The problem: Your task is to output, without alteration, each line from the one containing "using integral_ridge_tendsto_if_d_F_tendsto_0[OF q" through the final line of the records below.

_ _ _ _ _

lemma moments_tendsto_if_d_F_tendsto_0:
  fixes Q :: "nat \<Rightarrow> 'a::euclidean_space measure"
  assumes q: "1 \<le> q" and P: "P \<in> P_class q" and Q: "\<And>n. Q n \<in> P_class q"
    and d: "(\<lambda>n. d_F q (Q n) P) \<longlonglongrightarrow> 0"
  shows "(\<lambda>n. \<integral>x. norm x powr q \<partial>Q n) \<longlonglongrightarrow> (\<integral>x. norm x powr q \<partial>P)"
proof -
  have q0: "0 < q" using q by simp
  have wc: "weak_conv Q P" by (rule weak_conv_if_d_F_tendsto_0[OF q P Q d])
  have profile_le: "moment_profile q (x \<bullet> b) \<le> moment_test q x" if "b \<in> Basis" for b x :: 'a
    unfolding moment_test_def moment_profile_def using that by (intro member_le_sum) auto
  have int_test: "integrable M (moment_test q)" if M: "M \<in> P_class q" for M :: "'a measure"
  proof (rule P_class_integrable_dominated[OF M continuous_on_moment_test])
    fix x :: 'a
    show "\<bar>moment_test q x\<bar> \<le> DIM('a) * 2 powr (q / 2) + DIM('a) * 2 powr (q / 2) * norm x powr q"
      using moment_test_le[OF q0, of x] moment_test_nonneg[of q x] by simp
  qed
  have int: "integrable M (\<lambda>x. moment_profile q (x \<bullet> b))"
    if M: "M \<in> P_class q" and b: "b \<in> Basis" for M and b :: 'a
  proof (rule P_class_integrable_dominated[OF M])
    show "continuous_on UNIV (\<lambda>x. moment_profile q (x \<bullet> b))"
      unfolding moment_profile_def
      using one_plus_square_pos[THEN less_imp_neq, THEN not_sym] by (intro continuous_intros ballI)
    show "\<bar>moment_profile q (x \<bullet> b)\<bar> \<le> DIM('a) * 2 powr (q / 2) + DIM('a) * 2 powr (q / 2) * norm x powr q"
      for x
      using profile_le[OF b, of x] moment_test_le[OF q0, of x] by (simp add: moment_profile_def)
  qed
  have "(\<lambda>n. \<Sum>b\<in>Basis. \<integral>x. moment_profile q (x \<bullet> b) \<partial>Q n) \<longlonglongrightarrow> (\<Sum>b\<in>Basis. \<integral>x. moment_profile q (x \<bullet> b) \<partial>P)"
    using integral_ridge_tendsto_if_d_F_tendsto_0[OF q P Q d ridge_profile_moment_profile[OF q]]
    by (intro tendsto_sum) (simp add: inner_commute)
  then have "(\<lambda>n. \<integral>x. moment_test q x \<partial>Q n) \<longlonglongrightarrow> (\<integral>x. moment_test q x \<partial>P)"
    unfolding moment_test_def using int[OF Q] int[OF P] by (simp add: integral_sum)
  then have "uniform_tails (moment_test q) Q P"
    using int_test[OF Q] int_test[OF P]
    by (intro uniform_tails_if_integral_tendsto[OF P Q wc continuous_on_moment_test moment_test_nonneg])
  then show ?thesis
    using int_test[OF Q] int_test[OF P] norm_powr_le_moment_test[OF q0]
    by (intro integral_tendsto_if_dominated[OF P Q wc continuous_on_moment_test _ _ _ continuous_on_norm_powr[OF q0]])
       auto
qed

_ _ _ _ _

Exercise result:
    using integral_ridge_tendsto_if_d_F_tendsto_0[OF q P Q d ridge_profile_moment_profile[OF q]]
    by (intro tendsto_sum) (simp add: inner_commute)
  then have "(\<lambda>n. \<integral>x. moment_test q x \<partial>Q n) \<longlonglongrightarrow> (\<integral>x. moment_test q x \<partial>P)"
    unfolding moment_test_def using int[OF Q] int[OF P] by (simp add: integral_sum)
  then have "uniform_tails (moment_test q) Q P"
    using int_test[OF Q] int_test[OF P]
    by (intro uniform_tails_if_integral_tendsto[OF P Q wc continuous_on_moment_test moment_test_nonneg])
  then show ?thesis
    using int_test[OF Q] int_test[OF P] norm_powr_le_moment_test[OF q0]
    by (intro integral_tendsto_if_dominated[OF P Q wc continuous_on_moment_test _ _ _ continuous_on_norm_powr[OF q0]])
       auto
qed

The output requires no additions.